Activity: Where in the entries below does "noteq" appear? Copy every line that has it.

□ □ □ □

lemma cost_eq_if_schedules_same:
  "schedules m \<sigma> S \<Longrightarrow> schedules m \<sigma>' S \<Longrightarrow> cost n m w \<sigma>' = cost n m w \<sigma>"
  by (simp add: cost_def schedules_def)

locale admissible_swap =
  fixes m :: nat and p :: "nat \<Rightarrow> nat" and d :: "nat \<Rightarrow> int" and S :: "nat set"
    and \<sigma> :: schedule and pm js h i :: nat and H' I' :: "nat set"
  assumes proper: "proper m \<sigma> S"
    and on_time: "on_time m p d \<sigma>"
    and h_lt: "h < m" and i_lt: "i < m" and h_neq_i: "h \<noteq> i"
    and js_on_h: "js \<in> set (\<sigma> h)"
    and Delta_ge: "4 * int pm ^ 2 \<le> Delta p \<sigma> h i js"
    and H'_sub: "H' \<subseteq> set (JH_list pm \<sigma> js h)"
    and I'_sub: "I' \<subseteq> set (JI_list pm \<sigma> js i)"
    and PP_eq: "PP p H' = PP p I'"
    and p_le_pm: "\<And>x. x \<in> S \<Longrightarrow> p x \<le> pm"
    and d_mono: "\<And>x y. x \<in> S \<Longrightarrow> y \<in> S \<Longrightarrow> x \<le> y \<Longrightarrow> d x \<le> d y"
begin

abbreviation JH :: "nat list" where "JH \<equiv> JH_list pm \<sigma> js h"
abbreviation JI :: "nat list" where "JI \<equiv> JI_list pm \<sigma> js i"
abbreviation \<sigma>' :: schedule where "\<sigma>' \<equiv> swap_sched pm \<sigma> js h i H' I'"

definition before_JH :: "nat list" where
  "before_JH = (let L = filter (\<lambda>k. k \<le> js) (\<sigma> h) in take (length L - 2 * pm) L)"

definition after_JH :: "nat list" where
  "after_JH = filter (\<lambda>k. js < k) (\<sigma> h)"

definition before_JI :: "nat list" where
  "before_JI = filter (\<lambda>k. k \<le> js) (\<sigma> i)"

definition after_JI :: "nat list" where
  "after_JI = drop (2 * pm) (filter (\<lambda>k. js < k) (\<sigma> i))"

lemma distinct_machine: "g < m \<Longrightarrow> distinct (\<sigma> g)"
  using proper by (auto simp: proper_def schedules_def distinct_concat_iff)

lemma set_machine_subset: "g < m \<Longrightarrow> set (\<sigma> g) \<subseteq> S"
  using proper by (auto simp: proper_def schedules_def)

lemma sorted_machine: "g < m \<Longrightarrow> sorted_wrt (<) (\<sigma> g)"
  using proper by (simp add: proper_def)

lemma jobs_upto_js_h: "filter (\<lambda>k. k \<le> js) (\<sigma> h) = before_JH @ JH"
  by (simp add: before_JH_def JH_list_def Let_def)

lemma machine_h_blocks: "\<sigma> h = before_JH @ JH @ after_JH"
  using sorted_filter_le_append_filter_gt[OF sorted_machine[OF h_lt], of js]
  by (simp add: after_JH_def jobs_upto_js_h)

lemma machine_i_blocks: "\<sigma> i = before_JI @ JI @ after_JI"
  using sorted_filter_le_append_filter_gt[OF sorted_machine[OF i_lt], of js]
  by (simp add: before_JI_def after_JI_def JI_list_def)

lemma swap_sched_h:
  "\<sigma>' h = before_JH @ (filter (\<lambda>k. k \<notin> H') JH @ filter (\<lambda>k. k \<in> I') JI) @ after_JH"
  by (simp add: swap_sched_def before_JH_def after_JH_def JH_list_def Let_def)

lemma swap_sched_i:
  "\<sigma>' i = before_JI @ (filter (\<lambda>k. k \<in> H') JH @ filter (\<lambda>k. k \<notin> I') JI) @ after_JI"
  using h_neq_i by (simp add: swap_sched_def before_JI_def after_JI_def Let_def)

lemma swap_sched_other: "g \<noteq> h \<Longrightarrow> g \<noteq> i \<Longrightarrow> \<sigma>' g = \<sigma> g"
  by (simp add: swap_sched_def)

lemma schedules_swap: "schedules m \<sigma>' S"
proof (rule schedules_exchange_between_two_machines[OF _ h_lt i_lt h_neq_i swap_sched_other])
  show "schedules m \<sigma> S" using proper by (simp add: proper_def)
  show "mset (\<sigma>' h) + mset (\<sigma>' i) = mset (\<sigma> h) + mset (\<sigma> i)"
    unfolding swap_sched_h swap_sched_i machine_h_blocks machine_i_blocks
    by (simp add: multiset_eq_iff)
qed

lemma on_time_machine: "g < m \<Longrightarrow> on_time_from p d 0 (\<sigma> g)"
  using on_time by (simp add: on_time_iff_on_time_from)

lemma load_le_if_short:
  assumes "set xs \<subseteq> S" "length xs \<le> 2 * pm"
  shows "load p xs \<le> 2 * pm ^ 2"
proof -
  have "load p xs \<le> length xs * pm"
    using assms(1) by (intro load_le_length_mult) (auto intro: p_le_pm)
  also have "\<dots> \<le> 2 * pm * pm"
    using assms(2) by simp
  finally show ?thesis by (simp add: power2_eq_square)
qed

lemma load_JH_le: "load p JH \<le> 2 * pm ^ 2"
proof (rule load_le_if_short)
  show "set JH \<subseteq> S"
    using set_machine_subset[OF h_lt] by (auto simp: JH_list_def Let_def dest!: in_set_dropD)
  show "length JH \<le> 2 * pm" by (simp add: JH_list_def Let_def)
qed

lemma load_JI_le: "load p JI \<le> 2 * pm ^ 2"
proof (rule load_le_if_short)
  show "set JI \<subseteq> S"
    using set_machine_subset[OF i_lt] by (auto simp: JI_list_def dest!: in_set_takeD)
  show "length JI \<le> 2 * pm" by (simp add: JI_list_def)
qed

lemma PP_Jset_js: "g < m \<Longrightarrow> PP p (Jset \<sigma> g js) = load p (filter (\<lambda>k. k \<le> js) (\<sigma> g))"
  using distinct_machine by (simp add: PP_def Jset_def sum_list_distinct_conv_sum_set)

lemma load_before_JI_le: "load p before_JI + 2 * pm ^ 2 \<le> load p before_JH"
proof -
  have "int (load p before_JI) + 4 * int (pm ^ 2) \<le> int (load p before_JH) + int (load p JH)"
    using Delta_ge PP_Jset_js[OF h_lt] PP_Jset_js[OF i_lt]
    by (simp add: Delta_def jobs_upto_js_h before_JI_def)
  then show ?thesis using load_JH_le by linarith
qed

lemma load_swapped_blocks:
  "load p (filter (\<lambda>k. k \<notin> H') JH @ filter (\<lambda>k. k \<in> I') JI) = load p JH"
  "load p (filter (\<lambda>k. k \<in> H') JH @ filter (\<lambda>k. k \<notin> I') JI) = load p JI"
proof -
  have "distinct JH" "distinct JI"
    using distinct_machine[OF h_lt] distinct_machine[OF i_lt] machine_h_blocks machine_i_blocks
    by (metis distinct_append)+
  then have "load p (filter (\<lambda>k. k \<in> H') JH) = load p (filter (\<lambda>k. k \<in> I') JI)"
    using H'_sub I'_sub PP_eq by (simp add: load_filter_mem_eq_PP)
  then show
    "load p (filter (\<lambda>k. k \<notin> H') JH @ filter (\<lambda>k. k \<in> I') JI) = load p JH"
    "load p (filter (\<lambda>k. k \<in> H') JH @ filter (\<lambda>k. k \<notin> I') JI) = load p JI"
    using load_filter_split[of p "\<lambda>k. k \<in> H'" JH] load_filter_split[of p "\<lambda>k. k \<in> I'" JI]
    by simp_all
qed

lemma on_time_machine_h_blocks: "on_time_from p d 0 (before_JH @ JH @ after_JH)"
  using on_time_machine[OF h_lt] machine_h_blocks by metis

lemma completion_js_le_due: "int (load p before_JH + load p JH) \<le> d js"
proof -
  have "on_time_from p d 0 (before_JH @ JH)"
    using on_time_machine_h_blocks by (simp add: on_time_from_append)
  moreover have "before_JH @ JH \<noteq> []"
    using js_on_h by (auto simp: filter_empty_conv simp flip: jobs_upto_js_h)
  moreover have "d y \<le> d js" if "y \<in> set (before_JH @ JH)" for y
    using that js_on_h set_machine_subset[OF h_lt] by (auto simp flip: jobs_upto_js_h intro: d_mono)
  ultimately show ?thesis
    using finish_le_due_if_on_time_from[of p d 0 "before_JH @ JH" "d js"] by simp
qed

lemma due_JI_ge_due_js: "x \<in> set JI \<Longrightarrow> d js \<le> d x"
proof -
  assume "x \<in> set JI"
  then have "js < x" "x \<in> S"
    using set_machine_subset[OF i_lt] by (auto simp: JI_list_def dest!: in_set_takeD)
  moreover have "js \<in> S" using js_on_h set_machine_subset[OF h_lt] by auto
  ultimately show ?thesis using d_mono by simp
qed

lemma due_ge_start_of_JH: "x \<in> set JH \<union> set JI \<Longrightarrow> int (load p before_JH) \<le> d x"
proof (elim UnE)
  assume "x \<in> set JH"
  moreover have "on_time_from p d (load p before_JH) JH"
    using on_time_machine_h_blocks by (simp add: on_time_from_append)
  ultimately show ?thesis by (rule on_time_from_start_le_due[rotated])
next
  assume "x \<in> set JI"
  then show ?thesis using completion_js_le_due due_JI_ge_due_js by fastforce
qed

lemma on_time_swap_h: "on_time_from p d 0 (\<sigma>' h)"
  unfolding swap_sched_h
proof (rule on_time_from_replace_block[where X = JH])
  show "on_time_from p d 0 (before_JH @ JH @ after_JH)"
    by (rule on_time_machine_h_blocks)
  show "load p (filter (\<lambda>k. k \<notin> H') JH @ filter (\<lambda>k. k \<in> I') JI) = load p JH"
    by (rule load_swapped_blocks(1))
  have "on_time_from p d (load p before_JH) (filter (\<lambda>k. k \<notin> H') JH)"
    using on_time_machine_h_blocks by (simp add: on_time_from_append on_time_from_filter)
  moreover have "on_time_from p d (load p before_JH + load p (filter (\<lambda>k. k \<notin> H') JH))
      (filter (\<lambda>k. k \<in> I') JI)"
  proof (rule on_time_from_if_finish_le_due)
    fix x assume "x \<in> set (filter (\<lambda>k. k \<in> I') JI)"
    then have "d js \<le> d x" by (simp add: due_JI_ge_due_js)
    with completion_js_le_due load_swapped_blocks(1)
    show "int (load p before_JH + load p (filter (\<lambda>k. k \<notin> H') JH)
        + load p (filter (\<lambda>k. k \<in> I') JI)) \<le> d x"
      by simp
  qed
  ultimately show "on_time_from p d (0 + load p before_JH)
      (filter (\<lambda>k. k \<notin> H') JH @ filter (\<lambda>k. k \<in> I') JI)"
    by (simp add: on_time_from_append)
qed

lemma on_time_swap_i: "on_time_from p d 0 (\<sigma>' i)"
  unfolding swap_sched_i
proof (rule on_time_from_replace_block[where X = JI])
  show "on_time_from p d 0 (before_JI @ JI @ after_JI)"
    using on_time_machine[OF i_lt] machine_i_blocks by metis
  show "load p (filter (\<lambda>k. k \<in> H') JH @ filter (\<lambda>k. k \<notin> I') JI) = load p JI"
    by (rule load_swapped_blocks(2))
  show "on_time_from p d (0 + load p before_JI)
      (filter (\<lambda>k. k \<in> H') JH @ filter (\<lambda>k. k \<notin> I') JI)"
  proof (rule on_time_from_if_finish_le_due)
    fix x assume "x \<in> set (filter (\<lambda>k. k \<in> H') JH @ filter (\<lambda>k. k \<notin> I') JI)"
    then have "int (load p before_JH) \<le> d x" by (auto intro: due_ge_start_of_JH)
    with load_before_JI_le load_JI_le load_swapped_blocks(2)
    show "int (0 + load p before_JI
        + load p (filter (\<lambda>k. k \<in> H') JH @ filter (\<lambda>k. k \<notin> I') JI)) \<le> d x"
      by simp
  qed
qed

lemma on_time_swap: "on_time m p d \<sigma>'"
  unfolding on_time_iff_on_time_from
  using on_time_swap_h on_time_swap_i on_time_machine swap_sched_other by metis

end

theorem lemma8:
  fixes n m :: nat and p :: "nat \<Rightarrow> nat" and w :: "nat \<Rightarrow> nat" and d :: "nat \<Rightarrow> int"
    and S :: "nat set" and \<sigma> :: schedule and js h i :: nat and H' I' :: "nat set"
  assumes m_pos: "m \<ge> 1"
    and p_pos: "\<forall>j\<in>{1..n}. p j > 0"
    and d_sorted: "\<forall>j\<in>{1..n}. \<forall>k\<in>{1..n}. j \<le> k \<longrightarrow> d j \<le> d k"
    and S_sub: "S \<subseteq> {1..n}"
    and proper: "proper m \<sigma> S"
    and feasible: "on_time m p d \<sigma>"
    and adm: "admissible m p (Max (p ` {1..n})) \<sigma> js h i"
    and H'_sub: "H' \<subseteq> set (JH_list (Max (p ` {1..n})) \<sigma> js h)" and H'_ne: "H' \<noteq> {}"
    and I'_sub: "I' \<subseteq> set (JI_list (Max (p ` {1..n})) \<sigma> js i)"
    and PP_eq: "PP p H' = PP p I'"
  shows "schedules m (swap_sched (Max (p ` {1..n})) \<sigma> js h i H' I') S
       \<and> on_time m p d (swap_sched (Max (p ` {1..n})) \<sigma> js h i H' I')
       \<and> cost n m w (swap_sched (Max (p ` {1..n})) \<sigma> js h i H' I') \<le> cost n m w \<sigma>"
proof -
  let ?pm = "Max (p ` {1..n})"
  have h_lt: "h < m" and i_lt: "i < m" and js_on_h: "js \<in> set (\<sigma> h)"
    and Delta_ge: "4 * int ?pm ^ 2 \<le> Delta p \<sigma> h i js"
    using adm by (auto simp: admissible_def)
  have js_in_S: "js \<in> S"
    using proper h_lt js_on_h by (auto simp: proper_def schedules_def)
  have p_le_pm: "p x \<le> ?pm" if "x \<in> S" for x
    using that S_sub by (auto intro: Max_ge)
  have d_mono: "d x \<le> d y" if "x \<in> S" "y \<in> S" "x \<le> y" for x y
    using d_sorted S_sub that by blast
  have "h \<noteq> i"
  proof
    assume "h = i"
    with Delta_ge have "?pm = 0" by (simp add: Delta_def)
    with p_le_pm[OF js_in_S] p_pos js_in_S S_sub show False by fastforce
  qed
  then interpret admissible_swap m p d S \<sigma> ?pm js h i H' I'
    using proper feasible h_lt i_lt js_on_h Delta_ge H'_sub I'_sub PP_eq p_le_pm d_mono
    by unfold_locales
  have "schedules m \<sigma> S" using proper by (simp add: proper_def)
  then have "cost n m w (swap_sched ?pm \<sigma> js h i H' I') = cost n m w \<sigma>"
    using schedules_swap by (rule cost_eq_if_schedules_same)
  with schedules_swap on_time_swap show ?thesis by simp
qed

□ □ □ □

Task answer:
    and h_lt: "h < m" and i_lt: "i < m" and h_neq_i: "h \<noteq> i"
lemma swap_sched_other: "g \<noteq> h \<Longrightarrow> g \<noteq> i \<Longrightarrow> \<sigma>' g = \<sigma> g"
  moreover have "before_JH @ JH \<noteq> []"
    and H'_sub: "H' \<subseteq> set (JH_list (Max (p ` {1..n})) \<sigma> js h)" and H'_ne: "H' \<noteq> {}"
  have "h \<noteq> i"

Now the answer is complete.